Every line below that includes the word "lambda" needs to be copied.

## Given data:
== == ==
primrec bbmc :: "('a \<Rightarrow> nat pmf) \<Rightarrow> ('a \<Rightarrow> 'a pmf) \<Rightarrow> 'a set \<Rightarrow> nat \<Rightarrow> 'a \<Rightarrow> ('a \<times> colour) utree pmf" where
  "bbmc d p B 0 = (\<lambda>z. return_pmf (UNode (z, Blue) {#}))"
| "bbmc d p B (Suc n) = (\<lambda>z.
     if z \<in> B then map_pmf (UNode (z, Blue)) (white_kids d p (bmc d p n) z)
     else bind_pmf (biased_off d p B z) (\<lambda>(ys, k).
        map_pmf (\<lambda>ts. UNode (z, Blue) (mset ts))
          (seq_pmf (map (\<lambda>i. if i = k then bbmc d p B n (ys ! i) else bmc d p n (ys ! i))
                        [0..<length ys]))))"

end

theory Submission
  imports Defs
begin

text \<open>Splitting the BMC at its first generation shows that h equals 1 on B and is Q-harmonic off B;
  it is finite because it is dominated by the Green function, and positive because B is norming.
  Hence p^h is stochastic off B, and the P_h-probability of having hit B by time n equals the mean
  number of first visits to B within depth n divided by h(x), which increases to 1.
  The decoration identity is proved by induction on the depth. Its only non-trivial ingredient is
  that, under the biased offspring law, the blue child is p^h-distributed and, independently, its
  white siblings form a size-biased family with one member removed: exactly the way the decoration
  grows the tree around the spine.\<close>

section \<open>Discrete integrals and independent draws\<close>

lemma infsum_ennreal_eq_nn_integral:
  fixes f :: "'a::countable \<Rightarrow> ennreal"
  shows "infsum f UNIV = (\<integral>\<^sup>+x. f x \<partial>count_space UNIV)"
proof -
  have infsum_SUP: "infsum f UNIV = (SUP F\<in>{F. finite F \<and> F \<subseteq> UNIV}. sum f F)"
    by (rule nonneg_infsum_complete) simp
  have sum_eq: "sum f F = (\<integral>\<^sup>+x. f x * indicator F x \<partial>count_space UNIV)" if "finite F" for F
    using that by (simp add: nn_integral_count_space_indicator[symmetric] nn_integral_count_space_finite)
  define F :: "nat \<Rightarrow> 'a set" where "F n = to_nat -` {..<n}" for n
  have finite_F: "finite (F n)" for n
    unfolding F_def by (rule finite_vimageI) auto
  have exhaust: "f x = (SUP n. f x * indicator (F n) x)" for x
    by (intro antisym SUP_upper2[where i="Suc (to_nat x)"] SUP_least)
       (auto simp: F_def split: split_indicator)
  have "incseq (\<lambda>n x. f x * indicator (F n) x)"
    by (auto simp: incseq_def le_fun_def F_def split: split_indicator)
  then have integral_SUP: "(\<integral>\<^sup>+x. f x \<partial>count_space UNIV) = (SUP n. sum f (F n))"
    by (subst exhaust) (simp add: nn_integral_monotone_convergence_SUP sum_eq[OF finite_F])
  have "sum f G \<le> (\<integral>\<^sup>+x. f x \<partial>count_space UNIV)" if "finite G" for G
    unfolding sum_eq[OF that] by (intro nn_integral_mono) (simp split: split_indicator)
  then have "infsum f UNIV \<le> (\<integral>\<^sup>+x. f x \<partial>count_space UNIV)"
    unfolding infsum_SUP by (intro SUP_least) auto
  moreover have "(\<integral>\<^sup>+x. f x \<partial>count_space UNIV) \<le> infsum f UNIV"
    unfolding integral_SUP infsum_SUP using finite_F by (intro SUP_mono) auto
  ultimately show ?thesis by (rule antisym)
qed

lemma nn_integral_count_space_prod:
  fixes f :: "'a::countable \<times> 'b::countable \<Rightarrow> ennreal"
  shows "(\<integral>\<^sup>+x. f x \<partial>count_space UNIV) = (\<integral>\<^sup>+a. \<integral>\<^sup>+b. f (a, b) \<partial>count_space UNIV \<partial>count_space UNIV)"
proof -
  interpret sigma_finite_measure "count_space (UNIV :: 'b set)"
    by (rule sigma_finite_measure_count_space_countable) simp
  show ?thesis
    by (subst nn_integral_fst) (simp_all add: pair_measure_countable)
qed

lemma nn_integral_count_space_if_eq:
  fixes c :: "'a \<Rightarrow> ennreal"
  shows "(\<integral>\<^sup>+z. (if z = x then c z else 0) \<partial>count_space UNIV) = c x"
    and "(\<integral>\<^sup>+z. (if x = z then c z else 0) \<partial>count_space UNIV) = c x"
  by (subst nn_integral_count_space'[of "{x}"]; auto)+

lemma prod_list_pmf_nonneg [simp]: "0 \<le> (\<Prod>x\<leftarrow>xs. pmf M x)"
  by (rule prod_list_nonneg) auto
== == ==
## Result below:
  "bbmc d p B 0 = (\<lambda>z. return_pmf (UNode (z, Blue) {#}))"
| "bbmc d p B (Suc n) = (\<lambda>z.
     else bind_pmf (biased_off d p B z) (\<lambda>(ys, k).
        map_pmf (\<lambda>ts. UNode (z, Blue) (mset ts))
          (seq_pmf (map (\<lambda>i. if i = k then bbmc d p B n (ys ! i) else bmc d p n (ys ! i))
  have "incseq (\<lambda>n x. f x * indicator (F n) x)"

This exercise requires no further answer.